One man’s recollections of railway duties during World War II. . . . . . . .




Collecting oral histories is sometimes a race against time as those remembering pass on. ‘The Luftwaffe Visits York story is a good example (see 2nd May 2022 entry on this tab) where those remembering the event are shrinking in number. I have always been keen to collect the stories of those remembering the Second World War and so my search eventually took me to a sheltered housing complex on the edge of a small Midlands town. Jim’s daughter had contacted me about her father and so, one afternoon, the three of us sat down in Jim’s living room and switched on the recorder.


Jim was born in June, 1925, and joined the London Midland and Scottish Railway (LMS) in 1941 aged 15. He had hopes of a career in engineering but the war changed that and he became a Junior Clerk at Bedford and Luton instead. Stories of illegal rides on the footplate and visits to signal boxes followed as Jim built up his railway knowledge in a time of war.


‘I remember the LMS had an internal letters numbering system. So, like, Birmingham was 6, Rugby was 4 – I think. They used that for parcels too, made it easier for newcomers to understand without knowing too much about where individual stations were. Then they had it for elsewhere – like E134 for Norwich - Eastern.’


‘There wasn’t much training then. It was learn on the job mostly. Couldn’t do some of it because of the war so they had all sorts of local rules. In some places you could have more than one train in the block and the bobby would use green flags and so on. The learning was OK…… I remember I was on £44 a year at the start and that went up by 10 pounds a year until you were 18.’


‘Do you remember much about the war, itself, Jim? Or were you a bit too young to be really affected by it?’


‘Well, there wasn’t much going on in the Northampton area, no bombing, that sort of thing. Most of what I knew came from footplate men taking trains into the London area.’ The conversation paused while Jim tried to remember. The clock ticked. Eventually his daughter prompted him.


‘I can remember some of the blokes who were on the footplate,’ he went on. ‘The turn they didn’t want was the delivery of gas to the London area - for barrage balloons, you know.’


‘Really?’ The answer startled me but then I thought that must have been an issue. Just how do you get gas for barrage balloons into London during the Blitz?


‘I don’t remember any of their trains getting hit.I think they did it during the day ‘cos most of the bombing then was at night.Control would get a message to them to tell them to stop if something was going on.Like, stop inside a tunnel for shelter if there was a raid going on – near enough to the end to get the fresh air but not too near in case a bomb went off.


They had a system of fog detonators to tell the train men if there was a damaged bridge ahead. I think it was normally 3 at 10 yards intervals, but 4 if the damage was bad.’


‘Course it all assumed the locos were all right, but the coal was really bad. Sometimes they couldn’t get enough steam up to blow off the brakes so they were sitting out somewhere waiting to get pressure up.’
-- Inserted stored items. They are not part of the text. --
(* Let $G$ be an SE-graph, $\phi$ an $(I|J)$-flow and $\phi'$ an $(I'|J')$-flow in $G$, and let $P_1,\dots,P_k$ be the exchange paths of the double flow $(\phi,\phi')$. Then: (i) $k=(|I^\circ|+|I^\bullet|+|J^\circ|+|J^\bullet|)/2$; (ii) the set of endvertices of $P_1,\dots,P_k$ is $\{r_i:i\in I^\circ\cup I^\bullet\}\cup\{c_j:j\in J^\circ\cup J^\bullet\}$, and each $P_i$ connects either a vertex of $\{r_i:i\in I^\circ\}$ with one of $\{r_i:i\in I^\bullet\}$, or a vertex of $\{c_j:j\in J^\circ\}$ with one of $\{c_j:j\in J^\bullet\}$, or a vertex of $\{r_i:i\in I^\circ\}$ with one of $\{c_j:j\in J^\circ\}$, or a vertex of $\{r_i:i\in I^\bullet\}$ with one of $\{c_j:j\in J^\bullet\}$; (iii) in each path $P_i$, traversed from one end to the other, the edges of $\phi$ and the edges of $\phi'$ have opposite directions (say, all edges of $\phi$ on $P_i$ are traversed forward and all edges of $\phi'$ backward).
   Context: Notation: $[p]=\{1,\dots,p\}$; $\mathcal E^{m,n}$ is the set of pairs $(I|J)$, $I\subseteq[m]$, $J\subseteq[n]$, $|I|=|J|$. An SE-graph is a finite directed graph $G=(V,E)$ embedded in the plane (planar with a fixed layout) such that: every edge is either horizontal (H-edge) directed to the right or vertical (V-edge) directed downward; there are distinguished sources $r_1,\dots,r_m$ on a vertical line in this order upward and sinks $c_1,\dots,c_n$ on a horizontal line in this order from left to right; sources are incident only with H-edges, sinks only with V-edges; every vertex lies on a directed path from a source to a sink. For $(I|J)\in\mathcal E^{m,n}$, an $(I|J)$-flow is a set of pairwise vertex-disjoint directed paths from $\{r_i:i\in I\}$ to $\{c_j:j\in J\}$. For $(I|J),(I'|J')\in\mathcal E^{m,n}$ put $I^\circ=I\setminus I'$, $I^\bullet=I'\setminus I$, $J^\circ=J\setminus J'$, $J^\bullet=J'\setminus J$. Given an $(I|J)$-flow $\phi$ and an $(I'|J')$-flow $\phi'$ (a double flow), let $E_\phi,E_{\phi'}$ be their edge sets and $U=E_\phi\triangle E_{\phi'}$. In the subgraph $\langle U\rangle$ formed by the edges of $U$, every vertex has degree 1, 2 or 4. Split each vertex $v$ of degree 4 into two nearby vertices $v',v''$ so that the edges of $U$ entering $v$ now enter $v'$ and those leaving $v$ now leave $v''$; the resulting planar graph $\langle U\rangle'$ has all degrees at most 2, so it is a disjoint union of (undirected) simple paths $P'_1,\dots,P'_k$ and simple cycles. The images $P_1,\dots,P_k$ of $P'_1,\dots,P'_k$ in $G$ are called the exchange paths of $(\phi,\phi')$. *)

theory Defs
  imports "HOL-Analysis.Analysis"
begin
lemma sorted_witness_word:
  "sorted w \<Longrightarrow> set w \<subseteq> witness_alphabet \<Longrightarrow>
     \<exists>n m k. w = replicate n 0 @ replicate m 1 @ replicate k 2"
proof (induction w)
  case Nil thus ?case by (intro exI[of _ 0]) simp
next
  case (Cons a w)
  then obtain n m k where w: "w = replicate n 0 @ replicate m 1 @ replicate k 2" by auto
  have "\<forall>b\<in>set w. a \<le> b" "a \<in> witness_alphabet" using Cons.prems by auto
  then consider "a = 0" | "a = 1" "n = 0" | "a = 2" "n = 0" "m = 0"
    unfolding w witness_alphabet_def by (cases n; cases m) auto
  thus ?case
  proof cases
    case 1 thus ?thesis using w by (intro exI[of _ "Suc n"] exI[of _ m] exI[of _ k]) simp
  next
    case 2 thus ?thesis using w by (intro exI[of _ 0] exI[of _ "Suc m"] exI[of _ k]) simp
  next
    case 3 thus ?thesis using w by (intro exI[of _ 0] exI[of _ 0] exI[of _ "Suc k"]) simp
  qed
qed

lemma unsorted_descent:
  assumes "\<not> sorted (w :: nat list)"
  obtains u x y v where "w = u @ x # y # v" "y < x"
proof -
  obtain i where i: "Suc i < length w" "w ! Suc i < w ! i"
    using assms unfolding sorted_iff_nth_Suc by (auto simp: not_le)
  have "w = take i w @ w ! i # w ! Suc i # drop (Suc (Suc i)) w"
    using i by (simp add: Cons_nth_drop_Suc)
  thus thesis using i(2) by (rule that)
qed

lemma witness_language_accepted:
  "{w \<in> lists witness_alphabet. ca_accepts 2 witness_trans 0 {5} w} = witness_language"
proof (intro set_eqI iffI)
  fix w assume "w \<in> {w \<in> lists witness_alphabet. ca_accepts 2 witness_trans 0 {5} w}"
  hence w: "w \<in> lists witness_alphabet" "ca_accepts 2 witness_trans 0 {5} w" by auto
  have "sorted w"
  proof (rule ccontr)
    assume "\<not> sorted w"
    then obtain u x y v where "w = u @ x # y # v" "y < x" by (rule unsorted_descent)
    thus False using witness_rejects_descent w by auto
  qed
  then obtain n m k where "w = replicate n 0 @ replicate m 1 @ replicate k 2"
    using sorted_witness_word w(1) by blast
  thus "w \<in> witness_language"
    using w(2) witness_accepts_blocks unfolding witness_language_def by blast
next
  fix w assume "w \<in> witness_language"
  thus "w \<in> {w \<in> lists witness_alphabet. ca_accepts 2 witness_trans 0 {5} w}"
    using witness_accepts_blocks unfolding witness_language_def witness_alphabet_def by auto
qed
(* For every finite nonempty set of points $Z\subset\mathbb{S}_2$ and every positive integer $m$ one has $\alpha(mZ)<\alpha((m+5)Z)$.
   Context: Let $P_1,P_2\in\mathbb{P}^2(\mathbb{C})$ be two general (distinct) points and $f\colon\mathbb{S}_2\to\mathbb{P}^2$ the blow-up at them, with exceptional curves $E_i=f^{-1}(P_i)$; let $H$ be the pullback of the class of a line and $\mathbb{L}_2=3H-E_1-E_2=-K_{\mathbb{S}_2}$. For a finite set $Z\subset\mathbb{S}_2$ with ideal sheaf $\mathcal{I}_Z$ and a positive integer $m$, $\alpha(mZ)=\min\{d\ge 0:\ H^0(\mathbb{S}_2,d\mathbb{L}_2\otimes\mathcal{I}_Z^{(m)})\neq 0\}$, i.e. the least $d$ such that some effective divisor $D\in|d\mathbb{L}_2|$ has multiplicity at least $m$ at every point of $Z$. *)

theory Defs
  imports Complex_Main
begin

text \<open>Plane curves are given by homogeneous polynomials in x,y,z over the complex
numbers, encoded by their coefficient function: F a b c is the coefficient of
x^a y^b z^c.  The blown-up points are P1 = [1:0:0] and P2 = [0:1:0]
(any two distinct points of the projective plane are projectively equivalent).\<close>

type_synonym poly3 = "nat \<Rightarrow> nat \<Rightarrow> nat \<Rightarrow> complex"
type_synonym poly2 = "nat \<Rightarrow> nat \<Rightarrow> complex"

definition homog_poly :: "nat \<Rightarrow> poly3 \<Rightarrow> bool" where
  "homog_poly n F \<longleftrightarrow> (\<forall>a b c. F a b c \<noteq> 0 \<longrightarrow> a + b + c = n)"

text \<open>Taylor coefficient of h^(i,j,k) in F(p+h), for F with all exponents at most n.\<close>
definition taylor3 :: "nat \<Rightarrow> poly3 \<Rightarrow> complex \<times> complex \<times> complex \<Rightarrow> nat \<Rightarrow> nat \<Rightarrow> nat \<Rightarrow> complex" where
  "taylor3 n F p i j k =
     (\<Sum>a\<in>{0..n}. \<Sum>b\<in>{0..n}. \<Sum>c\<in>{0..n}.
        F a b c * of_nat (a choose i) * of_nat (b choose j) * of_nat (c choose k)
        * fst p ^ (a - i) * fst (snd p) ^ (b - j) * snd (snd p) ^ (c - k))"

definition mult3_ge :: "nat \<Rightarrow> poly3 \<Rightarrow> complex \<times> complex \<times> complex \<Rightarrow> nat \<Rightarrow> bool" where
  "mult3_ge n F p m \<longleftrightarrow> (\<forall>i j k. i + j + k < m \<longrightarrow> taylor3 n F p i j k = 0)"

definition taylor2 :: "nat \<Rightarrow> poly2 \<Rightarrow> complex \<times> complex \<Rightarrow> nat \<Rightarrow> nat \<Rightarrow> complex" where
  "taylor2 n h p i j =
     (\<Sum>a\<in>{0..n}. \<Sum>b\<in>{0..n}.
        h a b * of_nat (a choose i) * of_nat (b choose j) * fst p ^ (a - i) * snd p ^ (b - j))"

definition mult2_ge :: "nat \<Rightarrow> poly2 \<Rightarrow> complex \<times> complex \<Rightarrow> nat \<Rightarrow> bool" where
  "mult2_ge n h p m \<longleftrightarrow> (\<forall>i j. i + j < m \<longrightarrow> taylor2 n h p i j = 0)"

text \<open>Points of S_2 (by representatives):
  Off (x,y,z): the point [x:y:z] of P^2 different from P1, P2;
  OnE1 (a,b): the point of E1 given by the tangent direction [a:b] at P1 in the
    affine coordinates (y,z) of the chart x = 1;
  OnE2 (a,b): the point of E2 given by the tangent direction [a:b] at P2 in the
    affine coordinates (x,z) of the chart y = 1.\<close>
datatype S2pt = Off "complex \<times> complex \<times> complex" | OnE1 "complex \<times> complex" | OnE2 "complex \<times> complex"

fun valid_pt :: "S2pt \<Rightarrow> bool" where
  "valid_pt (Off (x, y, z)) \<longleftrightarrow> \<not> (y = 0 \<and> z = 0) \<and> \<not> (x = 0 \<and> z = 0)"
| "valid_pt (OnE1 (a, b)) \<longleftrightarrow> (a, b) \<noteq> (0, 0)"
| "valid_pt (OnE2 (a, b)) \<longleftrightarrow> (a, b) \<noteq> (0, 0)"

text \<open>Nonzero sections of d L_2 = d(3H - E1 - E2): nonzero forms of degree 3d with
multiplicity at least d at P1 and P2; the divisor is D = f^*C - d E1 - d E2.\<close>
definition section_dL :: "nat \<Rightarrow> poly3 \<Rightarrow> bool" where
  "section_dL d F \<longleftrightarrow> homog_poly (3 * d) F \<and> (\<exists>a b c. F a b c \<noteq> 0)
     \<and> mult3_ge (3 * d) F (1, 0, 0) d \<and> mult3_ge (3 * d) F (0, 1, 0) d"

text \<open>mult_ge d F q m: the divisor D = f^*C - dE1 - dE2 of the section F of dL_2 has
multiplicity at least m at q.  At a point of E_i this means mult_q(f^*C) \<ge> m + d,
computed in the standard affine charts of the blow-up (u, t) \<mapsto> (u, u t) resp.
(v, s) \<mapsto> (v s, v).\<close>
fun mult_ge :: "nat \<Rightarrow> poly3 \<Rightarrow> S2pt \<Rightarrow> nat \<Rightarrow> bool" where
  "mult_ge d F (Off p) m = mult3_ge (3 * d) F p m"
| "mult_ge d F (OnE1 (a, b)) m =
     (if a \<noteq> 0 then
        mult2_ge (3 * d) (\<lambda>i j. if j \<le> i \<and> i \<le> 3 * d then F (3 * d - i) (i - j) j else 0) (0, b / a) (m + d)
      else
        mult2_ge (3 * d) (\<lambda>i j. if j \<le> i \<and> i \<le> 3 * d then F (3 * d - i) j (i - j) else 0) (0, 0) (m + d))"
| "mult_ge d F (OnE2 (a, b)) m =
     (if a \<noteq> 0 then
        mult2_ge (3 * d) (\<lambda>i j. if j \<le> i \<and> i \<le> 3 * d then F (i - j) (3 * d - i) j else 0) (0, b / a) (m + d)
      else
        mult2_ge (3 * d) (\<lambda>i j. if j \<le> i \<and> i \<le> 3 * d then F j (3 * d - i) (i - j) else 0) (0, 0) (m + d))"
‘For me, though, I thought it was exploitation.’ I sensed a long memory which still rubbed Jim up the wrong way. I caught sight of his daughter looking up to the ceiling. ‘See, junior clerks were doing a lot of senior work with no recognition, no extra pay. And on top of that, they were always promoting on seniority, not suitability.’ Jim was conscripted in 1943 and demobbed at Rugby in 1947 where the problem of seniority came up again. Examples followed with Jim holding forth, animated about a situation that still rankled, 60 years later.


‘Don’t get me started,’ he said, after 10 minutes of this. We trotted through his subsequent railway career at places like Uttoxeter and Derby, his views on nationalisation (‘a mistake’) and Midland Railway engines (‘not like the London and North Western, a get on with it railway’). He left BR in 1954 for that long imagined career in engineering. In later years he had started researching railways again, the history of railways in Northampton, but then gave up.


But it was those war years that seemed dim in the memory at first, but slowly came alive. A mixture of his own relatively uneventful war and the experiences of others, I though Jim typical of his generation remembering such a traumatic event in their young lives. Some stories stood out, possible embellished in the telling, but others showed the mundanity of Britain at war on the home front. Unspectacular but important to historians, even so.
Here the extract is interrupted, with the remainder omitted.